In some ways, a hospital is a great equalizer. Once you’re admitted, things like employment status or race no longer matter — unless that happens to be medically relevant. What matters is that you’re sick enough to need a team of health professionals to take care of you. Whether you live in a gated community or public housing, once you shed your clothes and slip on the hospital gown, you’re all the same, entitled to equal respect and medical care. As a medical student seeing inpatients, it is sometimes easy to forget that these patients, while they may appear equal within the walls of the wards, have extremely diverse social experiences once they leave the hospital.
When I was first asked if I was interested in helping out with a pilot study delivering interventions to reduce sugary beverage consumption in Baltimore, I was intrigued. After my third year of medical school, traditionally a clinical year in the hospital, followed by a year of studying obesity, nutrition and the social determinants of health during my master’s degree in public health, I was excited to go into the field to research a topic about which I was passionate. I wanted to see where my patients lived, gain firsthand knowledge of their experiences, and ultimately understand how these factors personally impact a population I have come to know and care for.
What I didn’t anticipate was the complete culture shock. After several years of living and studying in Baltimore, I was convinced that I knew the nitty-gritty of this ever-evolving city well and that little could surprise me. However, entering a public housing development and recognizing that this was where several of my past patients lived came as a shock. The great equalizer of the hospital gown was instantaneously dropped, and what remained was a stark awareness that upon discharge, my patients were going home to very, very different neighborhoods.
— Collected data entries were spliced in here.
(* Let $f:D\to\{0,1\}$, $D\subseteq\{0,1\}^n$, be an $n$-bit partial Boolean function that depends on $n$ bits. Then $f$ can be computed exactly by a quantum 1-query algorithm if and only if either $n=1$, $D=\{0,1\}$ and $f(x)=x_1$ or $f(x)=1\oplus x_1$; or $n=2$, $D\subseteq\{0,1\}^2$ with $|D|\in\{3,4\}$, and $f(x)=x_1\oplus x_2$ or $f(x)=1\oplus x_1\oplus x_2$ for all $x\in D$.
   Context: An $n$-bit partial Boolean function is a map $f:D\to\{0,1\}$ with $D\subseteq\{0,1\}^n$. A multilinear polynomial $p$ in $x_1,\dots,x_n$ represents $f$ if $p(x)=f(x)$ for all $x\in D$. $f$ depends on $k$ bits if $k$ is the minimum, over all multilinear polynomials representing $f$, of the number of variables occurring in the polynomial. A quantum 1-query algorithm works in a finite-dimensional Hilbert space with orthonormal basis $\{|i,j'\rangle\}$, $i\in\{0,1,\dots,n\}$, $j'$ in a finite set; for input $x$ the oracle is $O_x|i,j'\rangle=(-1)^{x_i}|i,j'\rangle$ for $i\ge1$ and $O_x|0,j'\rangle=|0,j'\rangle$. The algorithm applies input-independent unitaries $U_0$, then $O_x$, then $U_1$ to an initial state $|\psi_0\rangle$ and performs a projective measurement with outcomes in $\{0,1\}$; it computes $f$ exactly if for every $x\in D$ the outcome is $f(x)$ with probability 1. *)

theory Defs
  imports "HOL-Analysis.Analysis"
begin

text \<open>An input x in {0,1}^n is a function nat => bool whose bits are x 1, ..., x n
  (True = 1); canonically all other positions are False.\<close>

definition cube :: "nat \<Rightarrow> (nat \<Rightarrow> bool) set" where
  "cube n = {x. \<forall>i. x i \<longrightarrow> i \<in> {1..n}}"

text \<open>A multilinear polynomial in x_1..x_n with real coefficients is given by its
  coefficient function c on subsets S of {1..n} (monomial prod_{i in S} x_i).\<close>

definition peval :: "nat \<Rightarrow> (nat set \<Rightarrow> real) \<Rightarrow> (nat \<Rightarrow> bool) \<Rightarrow> real" where
  "peval n c x = (\<Sum>S\<in>Pow {1..n}. c S * (\<Prod>i\<in>S. (if x i then 1 else 0)))"

definition pvars :: "nat \<Rightarrow> (nat set \<Rightarrow> real) \<Rightarrow> nat set" where
  "pvars n c = \<Union>{S \<in> Pow {1..n}. c S \<noteq> 0}"

definition represents :: "nat \<Rightarrow> (nat \<Rightarrow> bool) set \<Rightarrow> ((nat \<Rightarrow> bool) \<Rightarrow> bool)
    \<Rightarrow> (nat set \<Rightarrow> real) \<Rightarrow> bool" where
  "represents n D f c \<longleftrightarrow> (\<forall>x\<in>D. peval n c x = (if f x then 1 else 0))"

definition dep_bits :: "nat \<Rightarrow> (nat \<Rightarrow> bool) set \<Rightarrow> ((nat \<Rightarrow> bool) \<Rightarrow> bool) \<Rightarrow> nat" where
  "dep_bits n D f = (LEAST k. \<exists>c. represents n D f c \<and> card (pvars n c) = k)"

text \<open>Hilbert space with orthonormal basis |i,j> , i in {0..n}, j in {0..<m}
  (any finite set J is in bijection with some {0..<m}).\<close>

type_synonym qidx = "nat \<times> nat"
type_synonym qvec = "qidx \<Rightarrow> complex"
type_synonym qop = "qidx \<Rightarrow> qidx \<Rightarrow> complex"

definition qI :: "nat \<Rightarrow> nat \<Rightarrow> qidx set" where
  "qI n m = {0..n} \<times> {0..<m}"

definition qapply :: "qidx set \<Rightarrow> qop \<Rightarrow> qvec \<Rightarrow> qvec" where
  "qapply I A v = (\<lambda>a. \<Sum>b\<in>I. A a b * v b)"

definition qnorm2 :: "qidx set \<Rightarrow> qvec \<Rightarrow> real" where
  "qnorm2 I v = (\<Sum>a\<in>I. (cmod (v a))\<^sup>2)"

definition unitary_on :: "qidx set \<Rightarrow> qop \<Rightarrow> bool" where
  "unitary_on I U \<longleftrightarrow>
     (\<forall>a\<in>I. \<forall>b\<in>I. (\<Sum>k\<in>I. cnj (U k a) * U k b) = (if a = b then 1 else 0))"

definition projector_on :: "qidx set \<Rightarrow> qop \<Rightarrow> bool" where
  "projector_on I P \<longleftrightarrow>
     (\<forall>a\<in>I. \<forall>b\<in>I. P a b = cnj (P b a)) \<and>
     (\<forall>a\<in>I. \<forall>b\<in>I. (\<Sum>k\<in>I. P a k * P k b) = P a b)"

definition proj_meas :: "qidx set \<Rightarrow> qop \<Rightarrow> qop \<Rightarrow> bool" where
  "proj_meas I P0 P1 \<longleftrightarrow> projector_on I P0 \<and> projector_on I P1 \<and>
     (\<forall>a\<in>I. \<forall>b\<in>I. P0 a b + P1 a b = (if a = b then 1 else 0))"

definition query_op :: "(nat \<Rightarrow> bool) \<Rightarrow> qop" where
  "query_op x = (\<lambda>a b. if a = b then (if fst a \<ge> 1 \<and> x (fst a) then -1 else 1) else 0)"

definition final_state :: "nat \<Rightarrow> nat \<Rightarrow> qvec \<Rightarrow> qop \<Rightarrow> qop \<Rightarrow> (nat \<Rightarrow> bool) \<Rightarrow> qvec" where
  "final_state n m psi0 U0 U1 x =
     qapply (qI n m) U1 (qapply (qI n m) (query_op x) (qapply (qI n m) U0 psi0))"

definition computes_exactly_1query ::
  "nat \<Rightarrow> (nat \<Rightarrow> bool) set \<Rightarrow> ((nat \<Rightarrow> bool) \<Rightarrow> bool) \<Rightarrow> bool" where
  "computes_exactly_1query n D f \<longleftrightarrow>
     (\<exists>m psi0 U0 U1 P0 P1.
        qnorm2 (qI n m) psi0 = 1 \<and>
        unitary_on (qI n m) U0 \<and> unitary_on (qI n m) U1 \<and>
        proj_meas (qI n m) P0 P1 \<and>
        (\<forall>x\<in>D. qnorm2 (qI n m)
                  (qapply (qI n m) (if f x then P1 else P0) (final_state n m psi0 U0 U1 x)) = 1))"

end

theory Submission
  imports Defs
begin

text \<open>
  Let v be the state fed to the oracle and q i the squared norm of its block at query position i.
  Since U1 and the measurement cannot change inner products, inputs x, y with f x \<noteq> f y must
  give orthogonal queried states, i.e. \<Sum>i (-1)^(x i + y i) q i = 0.  If f depends on all n bits,
  it is sensitive to every bit i on D (otherwise Moebius inversion yields a representing
  polynomial without x i), and a pair of inputs differing only in bit i forces q i = 1/2.
  As the weights sum to 1, n \<le> 2, and the orthogonality relations then force f to be x 1
  (n = 1, q 0 = 1/2) or the parity of x 1 and x 2 (n = 2, q 0 = 0), up to negation; two
  sensitive pairs in different directions give |D| \<ge> 3.  Conversely, querying a uniform
  superposition of two positions computes these functions.
\<close>

definition qinner :: "qidx set \<Rightarrow> qvec \<Rightarrow> qvec \<Rightarrow> complex" where
  "qinner I u w = (\<Sum>a\<in>I. cnj (u a) * w a)"

lemma qinner_cong:
  "(\<And>a. a \<in> I \<Longrightarrow> u a = u' a) \<Longrightarrow> (\<And>a. a \<in> I \<Longrightarrow> w a = w' a) \<Longrightarrow>
   qinner I u w = qinner I u' w'"
  unfolding qinner_def by (rule sum.cong) auto

lemma qapply_cong: "(\<And>b. b \<in> I \<Longrightarrow> u b = w b) \<Longrightarrow> qapply I A u = qapply I A w"
  unfolding qapply_def by (intro ext sum.cong) auto

lemma qnorm2_eq_qinner: "complex_of_real (qnorm2 I u) = qinner I u u"
  unfolding qnorm2_def qinner_def of_real_sum
  by (rule sum.cong) (simp_all add: complex_norm_square[symmetric] mult.commute)

lemma qnorm2_eq_0_imp:
  assumes "finite I" "qnorm2 I u = 0" "a \<in> I"
  shows "u a = 0"
  using assms sum_nonneg_eq_0_iff[of I "\<lambda>b. (cmod (u b))\<^sup>2"] unfolding qnorm2_def by simp

lemma qinner_unitary:
  assumes "unitary_on I U" "finite I"
  shows "qinner I (qapply I U u) (qapply I U w) = qinner I u w"
proof -
  have "qinner I (qapply I U u) (qapply I U w) =
      (\<Sum>a\<in>I. \<Sum>b\<in>I. \<Sum>c\<in>I. cnj (u b) * w c * (cnj (U a b) * U a c))"
    by (simp add: qinner_def qapply_def sum_distrib_left sum_distrib_right mult_ac)
  also have "\<dots> = (\<Sum>b\<in>I. \<Sum>c\<in>I. \<Sum>a\<in>I. cnj (u b) * w c * (cnj (U a b) * U a c))"
    by (subst sum.swap, rule sum.cong[OF refl], rule sum.swap)
  also have "\<dots> = (\<Sum>b\<in>I. \<Sum>c\<in>I. cnj (u b) * w c * (if b = c then 1 else 0))"
    using assms(1) unfolding unitary_on_def by (simp add: sum_distrib_left[symmetric])
  also have "\<dots> = (\<Sum>b\<in>I. \<Sum>c\<in>I. if b = c then cnj (u b) * w b else 0)"
    by (intro sum.cong refl) simp
  also have "\<dots> = qinner I u w"
    using assms(2) by (simp add: qinner_def)
  finally show ?thesis .
qed

lemma qapply_projector_idem:
  assumes "projector_on I P" "a \<in> I"
  shows "qapply I P (qapply I P w) a = qapply I P w a"
proof -
  have "qapply I P (qapply I P w) a = (\<Sum>b\<in>I. \<Sum>c\<in>I. P a b * P b c * w c)"
    by (simp add: qapply_def sum_distrib_left mult_ac)
  also have "\<dots> = (\<Sum>c\<in>I. (\<Sum>b\<in>I. P a b * P b c) * w c)"
    unfolding sum_distrib_right by (rule sum.swap)
  also have "\<dots> = qapply I P w a"
  proof -
    have "\<forall>c\<in>I. (\<Sum>b\<in>I. P a b * P b c) = P a c"
      using assms unfolding projector_on_def by blast
    then show ?thesis unfolding qapply_def by (intro sum.cong refl) simp
  qed
  finally show ?thesis .
qed

lemma qinner_projector_adjoint:
  assumes "projector_on I P"
  shows "qinner I (qapply I P u) w = qinner I u (qapply I P w)"
proof -
  have "qinner I (qapply I P u) w = (\<Sum>a\<in>I. \<Sum>b\<in>I. cnj (u b) * (cnj (P a b) * w a))"
    by (simp add: qinner_def qapply_def sum_distrib_left sum_distrib_right mult_ac)
  also have "\<dots> = (\<Sum>a\<in>I. \<Sum>b\<in>I. cnj (u b) * (P b a * w a))"
  proof -
    have "\<And>a b. a \<in> I \<Longrightarrow> b \<in> I \<Longrightarrow> cnj (P a b) = P b a"
      using assms unfolding projector_on_def by (metis complex_cnj_cnj)
    then show ?thesis by (intro sum.cong refl) simp
  qed
  also have "\<dots> = qinner I u (qapply I P w)"
    unfolding qinner_def qapply_def sum_distrib_left by (rule sum.swap)
  finally show ?thesis .
qed

lemma qapply_proj_meas_sum:
  assumes "proj_meas I P0 P1" "finite I" "a \<in> I"
  shows "qapply I P0 w a + qapply I P1 w a = w a"
proof -
  have "qapply I P0 w a + qapply I P1 w a = (\<Sum>b\<in>I. (P0 a b + P1 a b) * w b)"
    by (simp add: qapply_def sum.distrib distrib_right)
  also have "\<dots> = (\<Sum>b\<in>I. if a = b then w b else 0)"
    using assms(1,3) unfolding proj_meas_def by (intro sum.cong refl) simp
  also have "\<dots> = w a" using assms(2,3) by simp
  finally show ?thesis .
qed

lemma qinner_proj_meas_split:
  assumes "proj_meas I P0 P1" "finite I"
  shows "qinner I u w = qinner I u (qapply I P0 w) + qinner I u (qapply I P1 w)"
  unfolding qinner_def sum.distrib[symmetric] distrib_left[symmetric]
  using qapply_proj_meas_sum[OF assms] by simp

lemma qnorm2_proj_meas:
  assumes "proj_meas I P0 P1" "finite I"
  shows "qnorm2 I (qapply I P0 s) + qnorm2 I (qapply I P1 s) = qnorm2 I s"
proof -
  have proj: "qinner I (qapply I P s) (qapply I P s) = qinner I s (qapply I P s)"
    if "projector_on I P" for P
    by (simp add: qinner_projector_adjoint[OF that] qinner_cong[OF refl qapply_projector_idem[OF that]])
  have "projector_on I P0" "projector_on I P1"
    using assms(1) by (simp_all add: proj_meas_def)
  then have "complex_of_real (qnorm2 I (qapply I P0 s) + qnorm2 I (qapply I P1 s)) =
      complex_of_real (qnorm2 I s)"
    unfolding of_real_add qnorm2_eq_qinner qinner_proj_meas_split[OF assms, of s s]
    by (simp only: proj)
  then show ?thesis by (simp only: of_real_eq_iff)
qed

lemma qinner_eq_0_if_proj_meas_certain:
  assumes pm: "proj_meas I P0 P1" and fin: "finite I"
    and "qnorm2 I s = 1" "qnorm2 I (qapply I P0 s) = 1"
    and "qnorm2 I t = 1" "qnorm2 I (qapply I P1 t) = 1"
  shows "qinner I s t = 0"
proof -
  have "qnorm2 I (qapply I P1 s) = 0" "qnorm2 I (qapply I P0 t) = 0"
    using qnorm2_proj_meas[OF pm fin, of s] qnorm2_proj_meas[OF pm fin, of t] assms by simp_all
  then have P1s: "\<And>a. a \<in> I \<Longrightarrow> qapply I P1 s a = 0" and P0t: "\<And>a. a \<in> I \<Longrightarrow> qapply I P0 t a = 0"
    using qnorm2_eq_0_imp[OF fin] by blast+
  have "qinner I s t = qinner I s (qapply I P1 t)"
    using qinner_proj_meas_split[OF pm fin, of s t] P0t by (simp add: qinner_def)
  also have "\<dots> = qinner I (qapply I P1 s) t"
    using pm by (simp add: qinner_projector_adjoint proj_meas_def)
  also have "\<dots> = 0" using P1s by (simp add: qinner_def)
  finally show ?thesis .
qed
Suddenly, I felt foolish. My advice to patients with heart failure who lived in this area — encouraging them to limit their sodium intake — seemed ridiculous, given that most of them didn’t have access to a car and the corner store nearby stocked few healthy foods or fresh produce. Was I recommending that they effectively starve in order to comply with a low-sodium diet? Why hadn’t I done more research to figure out what foods were accessible to them? And, with some guilt, I remembered that time I recommended a patient cut back on sugary beverages, thinking to myself that it couldn’t be that difficult. If someone really dislikes the taste of the tap water available to them at home and soda costs less than the bottled water down the street, what did I expect them to choose? I wondered why I hadn’t recommended “zero-calorie” drinks instead — especially after hearing a few individuals in the study expressly state that they hated drinking their home’s tap water.
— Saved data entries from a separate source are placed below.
text \<open>On 2-cells the functor is forced by the generators and the two compositions; it is
  well defined because Move satisfies the axioms of a strict 2-category and the images of the
  generators are strictly monotone. On 3-cells it is forced as well: a 3-cell x must go to
  \<open>\<langle>\<phi>(s x), \<phi>(t x)\<rangle>\<close>, so what has to be shown is that this pair is a 3-cell of Move,
  i.e. \<open>\<phi>(t x) \<le>\<^sub>2 \<phi>(s x)\<close>. For the twelve generators this is a computation: both sides append
  letters to the input words, and the appended suffixes of the source are longer (for the
  involution relations) or lexicographically larger than those of the target. The relation
  \<open>\<ge>\<^sub>2\<close> is transitive and closed under products and under composition with strictly monotone
  maps, so it propagates from the generators to all 3-cells.\<close>

lemma lexless_irrefl [simp]: "\<not> lexless v v"
  by (induction v) auto

lemma lexless_trans: "lexless u v \<Longrightarrow> lexless v w \<Longrightarrow> lexless u w"
proof (induction u arbitrary: v w)
  case (Cons a u)
  then show ?case by (cases v; cases w) auto
qed simp

lemma lexless_append: "lexless v w \<Longrightarrow> lexless (v @ p) (w @ q)"
  by (induction v arbitrary: w) (auto elim: lexless.elims)

lemma lexless_append_left [simp]: "lexless (u @ v) (u @ w) \<longleftrightarrow> lexless v w"
  by (induction u) auto

lemma mless_trans: "mless u v \<Longrightarrow> mless v w \<Longrightarrow> mless u w"
  unfolding mless_def using lexless_trans by auto

lemma mle_trans: "mle u v \<Longrightarrow> mle v w \<Longrightarrow> mle u w"
  unfolding mle_def using mless_trans by blast

lemma mle_antisym: "mle u v \<Longrightarrow> mle v u \<Longrightarrow> u = v"
  unfolding mle_def mless_def using lexless_trans by fastforce

lemma mle_append: "mle v w \<Longrightarrow> mle (v @ u) (w @ u)"
  unfolding mle_def mless_def using lexless_append by auto

abbreviation vle :: "mletter list list \<Rightarrow> mletter list list \<Rightarrow> bool" where
  "vle \<equiv> list_all2 mle"

lemma vle_refl: "vle x x"
  by (simp add: list_all2_refl mle_def)

lemma vle_trans: "vle x y \<Longrightarrow> vle y z \<Longrightarrow> vle x z"
  using list_all2_trans mle_trans by blast

lemma vle_antisym: "vle x y \<Longrightarrow> vle y x \<Longrightarrow> x = y"
  by (induction x arbitrary: y) (auto simp: list_all2_Cons1 intro: mle_antisym)

lemma vless_vle_trans: "vless x y \<Longrightarrow> vle y z \<Longrightarrow> vless x z"
  unfolding vless_def using vle_trans vle_antisym by blast

lemma vle_vless_trans: "vle x y \<Longrightarrow> vless y z \<Longrightarrow> vless x z"
  unfolding vless_def using vle_trans vle_antisym by blast

lemma vless_trans: "vless x y \<Longrightarrow> vless y z \<Longrightarrow> vless x z"
  using vless_vle_trans vless_def by blast

lemma vless_append:
  assumes "vle x y" and "vle x' y'" and "vless x y \<or> vless x' y'"
  shows "vless (x @ x') (y @ y')"
proof -
  have "length x = length y" using assms(1) by (rule list_all2_lengthD)
  then show ?thesis using assms by (auto simp: vless_def list_all2_appendI)
qed

lemma move2_length: "move2 n f \<Longrightarrow> length x = n \<Longrightarrow> length (f x) = n"
  unfolding move2_def by simp

lemma move2_strict_mono:
  "move2 n f \<Longrightarrow> length x = n \<Longrightarrow> length y = n \<Longrightarrow> vless x y \<Longrightarrow> vless (f x) (f y)"
  unfolding move2_def by simp

lemma move2_mono:
  "move2 n f \<Longrightarrow> length x = n \<Longrightarrow> length y = n \<Longrightarrow> vle x y \<Longrightarrow> vle (f x) (f y)"
  unfolding move2_def vless_def by (metis vle_refl)

lemma move2_id: "move2 n id"
  by (simp add: move2_def)

lemma move2_comp: "move2 n f \<Longrightarrow> move2 n g \<Longrightarrow> move2 n (g \<circ> f)"
  unfolding move2_def by auto

lemma move2_mprod:
  assumes f: "move2 n f" and g: "move2 m g"
  shows "move2 (n + m) (mprod n m f g)"
  unfolding move2_def
proof (intro conjI allI impI)
  fix x y :: "mletter list list"
  assume x: "length x = n + m" and y: "length y = n + m" and "vless x y"
  then have "vle (take n x) (take n y)" "vle (drop n x) (drop n y)"
    and "vless (take n x) (take n y) \<or> vless (drop n x) (drop n y)"
    by (auto simp: vless_def list_all2_takeI list_all2_dropI) (metis append_take_drop_id)
  with x y show "vless (mprod n m f g x) (mprod n m f g y)"
    unfolding mprod_def
    by (auto intro!: vless_append move2_mono[OF f] move2_mono[OF g]
        dest: move2_strict_mono[OF f, rotated 2] move2_strict_mono[OF g, rotated 2])
qed (auto simp: mprod_def move2_length[OF f] move2_length[OF g])

lemma move2_phiG: "move2 (garity g) (phiG g)"
  by (cases g) (auto simp: move2_def vless_def length_Suc_conv numeral_eq_Suc intro: mle_append)

fun phi2 :: "tm2 \<Rightarrow> mcell2" where
  "phi2 (G g) = phiG g"
| "phi2 (I n) = id"
| "phi2 (C0 a b) = mprod (ar2 a) (ar2 b) (phi2 a) (phi2 b)"
| "phi2 (C1 a b) = phi2 b \<circ> phi2 a"

lemma move2_phi2: "wt2 a \<Longrightarrow> move2 (ar2 a) (phi2 a)"
  by (induction a) (auto intro: move2_phiG move2_id move2_comp move2_mprod)

lemma mprod_assoc: "mprod (n + m) k (mprod n m f g) h = mprod n (m + k) f (mprod m k g h)"
  by (rule ext) (simp add: mprod_def take_add drop_take add.assoc add.commute[of m n])

lemma mprod_id_left: "move2 n f \<Longrightarrow> mprod 0 n id f = f"
  by (rule ext) (auto simp: mprod_def move2_def)

lemma mprod_id_right: "move2 n f \<Longrightarrow> mprod n 0 f id = f"
  by (rule ext) (auto simp: mprod_def move2_def)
It is impossible for any health care professional to know all the differing social contexts of every single patient. Everyone has a unique home life, and even two public housing developments can have vastly different access to safe exercise spaces, grocery stores and public transportation, all of which make miles of differences in health care. What is within reach, however, is checking in with patients to see if our advice makes sense by asking them what they believe is achievable. You can be sure that in the future, when I give any medical recommendations, I won’t make that past mistake of forgetting the social foundations of health and will instead make it a point to explicitly ask what challenges my patients may face in following my advice.